## WHAT TO DO
Repeat exactly the lines of the entries below from the one with "by (rule image_Un)" through the one with "induced_edges_def by auto", both ends included, and nothing else.

(DATA FOR THE TASK Opens)

(* Let $G$ be a graph on $[n]$ and let $e$ and $f$ be two crossing edges of $G$. Then $e$ and $f$ are crossing closed if and only if the join $e\vee f$ exists in $NC_G$. When $e$ and $f$ are crossing closed, $e\vee f$ is the bond whose edge set is $E(J(e,f))$, and $J(e,f)$ is the unique non-trivial connected component of $e\vee f$. Furthermore, $G$ is crossing closed if and only if $e\vee f$ exists in $NC_G$ for every pair of crossing edges $e,f$ of $G$.
   Context: All graphs are finite simple graphs with vertex set $[n]=\{1,\dots,n\}$; edges are written $ij$ with $i<j$. Two edges $a_1a_2$ and $b_1b_2$ cross if $a_1<b_1<a_2<b_2$ or $b_1<a_1<b_2<a_2$. A spanning subgraph is identified with its edge set. A bond of $G$ is a spanning subgraph of $G$ each of whose connected components is an induced subgraph of $G$. For a bond $H$, $\pi(H)$ is the set partition of $[n]$ whose blocks are the vertex sets of the connected components of $H$. A set partition is crossing if there are distinct blocks $B,B'$ and $a,c\in B$, $b,d\in B'$ with $a<b<c<d$, and noncrossing otherwise; a bond $H$ is noncrossing if $\pi(H)$ is noncrossing. $NC_G$ is the poset of noncrossing bonds of $G$ ordered by inclusion of edge sets. For an edge $e$, $e$ also denotes the bond with edge set $\{e\}$ (an element of $NC_G$). Two crossing edges $e,f$ are crossing closed if among all induced connected subgraphs of $G$ containing both $e$ and $f$ there is a unique one minimal with respect to containment, denoted $J(e,f)$; $G$ is crossing closed if every pair of crossing edges of $G$ is crossing closed. *)

theory Defs
  imports Main
begin

definition graph_on :: "nat \<Rightarrow> (nat \<times> nat) set \<Rightarrow> bool" where
  "graph_on n E \<longleftrightarrow> E \<subseteq> {(i,j). 1 \<le> i \<and> i < j \<and> j \<le> n}"

definition crosses :: "nat \<times> nat \<Rightarrow> nat \<times> nat \<Rightarrow> bool" where
  "crosses e f \<longleftrightarrow> (case e of (a1,a2) \<Rightarrow> case f of (b1,b2) \<Rightarrow>
      (a1 < b1 \<and> b1 < a2 \<and> a2 < b2) \<or> (b1 < a1 \<and> a1 < b2 \<and> b2 < a2))"

definition adj :: "(nat \<times> nat) set \<Rightarrow> (nat \<times> nat) set" where
  "adj H = H \<union> H\<inverse>"

definition comp :: "nat \<Rightarrow> (nat \<times> nat) set \<Rightarrow> nat \<Rightarrow> nat set" where
  "comp n H v = {u \<in> {1..n}. (v,u) \<in> (adj H)\<^sup>*}"

definition pi_part :: "nat \<Rightarrow> (nat \<times> nat) set \<Rightarrow> nat set set" where
  "pi_part n H = comp n H ` {1..n}"

definition induced_edges :: "(nat \<times> nat) set \<Rightarrow> nat set \<Rightarrow> (nat \<times> nat) set" where
  "induced_edges E S = {(i,j) \<in> E. i \<in> S \<and> j \<in> S}"

definition is_bond :: "nat \<Rightarrow> (nat \<times> nat) set \<Rightarrow> (nat \<times> nat) set \<Rightarrow> bool" where
  "is_bond n E H \<longleftrightarrow> H \<subseteq> E \<and>
     (\<forall>C \<in> pi_part n H. {(i,j) \<in> H. i \<in> C \<and> j \<in> C} = induced_edges E C)"

definition noncrossing_partition :: "nat set set \<Rightarrow> bool" where
  "noncrossing_partition P \<longleftrightarrow> \<not> (\<exists>B \<in> P. \<exists>B' \<in> P. B \<noteq> B' \<and>
     (\<exists>a c b d. a \<in> B \<and> c \<in> B \<and> b \<in> B' \<and> d \<in> B' \<and> a < b \<and> b < c \<and> c < d))"

text \<open>NC_G: the noncrossing bonds (as edge sets), ordered by inclusion.\<close>
definition NC :: "nat \<Rightarrow> (nat \<times> nat) set \<Rightarrow> (nat \<times> nat) set set" where
  "NC n E = {H. is_bond n E H \<and> noncrossing_partition (pi_part n H)}"

definition is_join :: "'a set set \<Rightarrow> 'a set \<Rightarrow> 'a set \<Rightarrow> 'a set \<Rightarrow> bool" where
  "is_join S x y z \<longleftrightarrow> z \<in> S \<and> x \<subseteq> z \<and> y \<subseteq> z \<and>
     (\<forall>w \<in> S. x \<subseteq> w \<and> y \<subseteq> w \<longrightarrow> z \<subseteq> w)"

definition induced_connected :: "nat \<Rightarrow> (nat \<times> nat) set \<Rightarrow> nat set \<Rightarrow> bool" where
  "induced_connected n E S \<longleftrightarrow> S \<subseteq> {1..n} \<and> S \<noteq> {} \<and>
     (\<forall>u \<in> S. \<forall>v \<in> S. (u,v) \<in> (adj (induced_edges E S))\<^sup>*)"

text \<open>Induced connected subgraphs containing both edges e and f (identified with vertex sets).\<close>
definition icc :: "nat \<Rightarrow> (nat \<times> nat) set \<Rightarrow> nat \<times> nat \<Rightarrow> nat \<times> nat \<Rightarrow> nat set set" where
  "icc n E e f = {S. induced_connected n E S \<and>
      fst e \<in> S \<and> snd e \<in> S \<and> fst f \<in> S \<and> snd f \<in> S}"

definition minimal_icc :: "nat \<Rightarrow> (nat \<times> nat) set \<Rightarrow> nat \<times> nat \<Rightarrow> nat \<times> nat \<Rightarrow> nat set \<Rightarrow> bool" where
  "minimal_icc n E e f S \<longleftrightarrow> S \<in> icc n E e f \<and> (\<forall>T \<in> icc n E e f. T \<subseteq> S \<longrightarrow> T = S)"

definition crossing_closed_pair :: "nat \<Rightarrow> (nat \<times> nat) set \<Rightarrow> nat \<times> nat \<Rightarrow> nat \<times> nat \<Rightarrow> bool" where
  "crossing_closed_pair n E e f \<longleftrightarrow> (\<exists>!S. minimal_icc n E e f S)"

text \<open>J(e,f), as a vertex set; its edge set is induced_edges E (J n E e f).\<close>
definition J :: "nat \<Rightarrow> (nat \<times> nat) set \<Rightarrow> nat \<times> nat \<Rightarrow> nat \<times> nat \<Rightarrow> nat set" where
  "J n E e f = (THE S. minimal_icc n E e f S)"

definition crossing_closed_graph :: "nat \<Rightarrow> (nat \<times> nat) set \<Rightarrow> bool" where
  "crossing_closed_graph n E \<longleftrightarrow>
     (\<forall>e \<in> E. \<forall>f \<in> E. crosses e f \<longrightarrow> crossing_closed_pair n E e f)"

end

theory Submission
  imports Defs
begin

text \<open>
  If the noncrossing bond H contains the crossing edges e and f, then e and f lie in one block C
  of H; C is connected and induced, so it belongs to the family of induced connected sets
  containing e and f, and G[C] \<subseteq> H. Conversely, G[S] is a noncrossing bond for every induced
  connected S. Hence the upper bounds of e and f in NC_G are, up to inclusion, exactly the G[S]
  for such S, and a least one exists iff the minimal such S is unique; since a connected set
  with at least two vertices is determined by its induced edges, G[S] \<subseteq> G[T] means S \<subseteq> T.
\<close>

lemma graph_onD:
  "graph_on n E \<Longrightarrow> (i,j) \<in> E \<Longrightarrow> i \<in> {1..n} \<and> j \<in> {1..n} \<and> i < j"
  unfolding graph_on_def by auto

lemma adj_rtrancl_sym: "(x,y) \<in> (adj H)\<^sup>* \<Longrightarrow> (y,x) \<in> (adj H)\<^sup>*"
  by (metis adj_def converse_Un converse_converse rtrancl_converseI sup_commute)

lemma noncrossing_partitionD:
  assumes "noncrossing_partition P" "B \<in> P" "B' \<in> P"
    and "a \<in> B" "c \<in> B" "b \<in> B'" "d \<in> B'" "a < b" "b < c" "c < d"
  shows "B = B'"
  using assms unfolding noncrossing_partition_def by meson

lemma rtrancl_adj_induced_edges:
  "(v,u) \<in> (adj (induced_edges E S))\<^sup>* \<Longrightarrow> u = v \<or> v \<in> S \<and> u \<in> S"
  by (induction rule: rtrancl_induct) (auto simp: adj_def induced_edges_def)

lemma comp_induced_edges:
  assumes "induced_connected n E S" "v \<in> {1..n}"
  shows "comp n (induced_edges E S) v = (if v \<in> S then S else {v})"
  using assms rtrancl_adj_induced_edges[of v _ E S]
  unfolding comp_def induced_connected_def by auto

lemma pi_part_induced_edges:
  assumes "induced_connected n E S"
  shows "pi_part n (induced_edges E S) = insert S ((\<lambda>v. {v}) ` ({1..n} - S))"
proof -
  define block where "block v = (if v \<in> S then S else {v})" for v
  obtain s where s: "s \<in> S" and sub: "S \<subseteq> {1..n}"
    using assms unfolding induced_connected_def by auto
  have "pi_part n (induced_edges E S) = block ` (S \<union> ({1..n} - S))"
    unfolding pi_part_def block_def using comp_induced_edges[OF assms] sub
    by (simp add: Un_absorb1)
  also have "\<dots> = block ` S \<union> block ` ({1..n} - S)"
    by (rule image_Un)
  also have "block ` S = {S}"
    using s by (auto simp: block_def)
  also have "block ` ({1..n} - S) = (\<lambda>v. {v}) ` ({1..n} - S)"
    by (rule image_cong) (auto simp: block_def)
  finally show ?thesis by simp
qed

lemma induced_edges_in_NC:
  assumes g: "graph_on n E" and S: "induced_connected n E S"
  shows "induced_edges E S \<in> NC n E"
proof -
  have no_loops: "(v,v) \<notin> E" for v
    using graph_onD[OF g] by blast
  have "is_bond n E (induced_edges E S)"
    unfolding is_bond_def pi_part_induced_edges[OF S]
    by (auto simp: no_loops induced_edges_def)
  moreover have "noncrossing_partition (pi_part n (induced_edges E S))"
    unfolding noncrossing_partition_def pi_part_induced_edges[OF S] by auto
  ultimately show ?thesis by (simp add: NC_def)
qed

lemma nontrivial_blocks_induced_edges:
  assumes S: "induced_connected n E S" and "2 \<le> card S"
  shows "{C \<in> pi_part n (induced_edges E S). 2 \<le> card C} = {S}"
  using assms(2) unfolding pi_part_induced_edges[OF S] by auto

lemma subset_if_induced_edges_subset:
  assumes S: "induced_connected n E S" and "x \<in> S" "y \<in> S" "x \<noteq> y"
    and sub: "induced_edges E S \<subseteq> induced_edges E T"
  shows "S \<subseteq> T"
proof
  fix v assume v: "v \<in> S"
  obtain w where w: "w \<in> S" "w \<noteq> v" using assms(2-4) by blast
  have "(v,w) \<in> (adj (induced_edges E S))\<^sup>*" using S v w unfolding induced_connected_def by blast
  then obtain u where "(v,u) \<in> adj (induced_edges E S)" using w(2) by (metis converse_rtranclE)
  then show "v \<in> T" using sub unfolding adj_def induced_edges_def by auto
qed

lemma rtrancl_adj_within_comp:
  assumes g: "graph_on n E" and HE: "H \<subseteq> E" and v: "v \<in> {1..n}"
    and "(v,u) \<in> (adj H)\<^sup>*"
  shows "(v,u) \<in> (adj {(i,j) \<in> H. i \<in> comp n H v \<and> j \<in> comp n H v})\<^sup>*"
  using assms(4)
proof (induction rule: rtrancl_induct)
  case base
  then show ?case by simp
next
  case (step y z)
  have "y \<in> {1..n}" "z \<in> {1..n}"
    using step.hyps(2) HE graph_onD[OF g] unfolding adj_def by auto
  moreover have "(v,z) \<in> (adj H)\<^sup>*" using step.hyps by simp
  ultimately have "y \<in> comp n H v" "z \<in> comp n H v"
    using step.hyps(1) unfolding comp_def by auto
  then have "(y,z) \<in> adj {(i,j) \<in> H. i \<in> comp n H v \<and> j \<in> comp n H v}"
    using step.hyps(2) unfolding adj_def by auto
  with step.IH show ?case by (rule rtrancl_into_rtrancl)
qed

(DATA FOR THE TASK Closes)

## ANSWER TO THE EXERCISE
    by (rule image_Un)
  also have "block ` S = {S}"
    using s by (auto simp: block_def)
  also have "block ` ({1..n} - S) = (\<lambda>v. {v}) ` ({1..n} - S)"
    by (rule image_cong) (auto simp: block_def)
  finally show ?thesis by simp
qed

lemma induced_edges_in_NC:
  assumes g: "graph_on n E" and S: "induced_connected n E S"
  shows "induced_edges E S \<in> NC n E"
proof -
  have no_loops: "(v,v) \<notin> E" for v
    using graph_onD[OF g] by blast
  have "is_bond n E (induced_edges E S)"
    unfolding is_bond_def pi_part_induced_edges[OF S]
    by (auto simp: no_loops induced_edges_def)
  moreover have "noncrossing_partition (pi_part n (induced_edges E S))"
    unfolding noncrossing_partition_def pi_part_induced_edges[OF S] by auto
  ultimately show ?thesis by (simp add: NC_def)
qed

lemma nontrivial_blocks_induced_edges:
  assumes S: "induced_connected n E S" and "2 \<le> card S"
  shows "{C \<in> pi_part n (induced_edges E S). 2 \<le> card C} = {S}"
  using assms(2) unfolding pi_part_induced_edges[OF S] by auto

lemma subset_if_induced_edges_subset:
  assumes S: "induced_connected n E S" and "x \<in> S" "y \<in> S" "x \<noteq> y"
    and sub: "induced_edges E S \<subseteq> induced_edges E T"
  shows "S \<subseteq> T"
proof
  fix v assume v: "v \<in> S"
  obtain w where w: "w \<in> S" "w \<noteq> v" using assms(2-4) by blast
  have "(v,w) \<in> (adj (induced_edges E S))\<^sup>*" using S v w unfolding induced_connected_def by blast
  then obtain u where "(v,u) \<in> adj (induced_edges E S)" using w(2) by (metis converse_rtranclE)
  then show "v \<in> T" using sub unfolding adj_def induced_edges_def by auto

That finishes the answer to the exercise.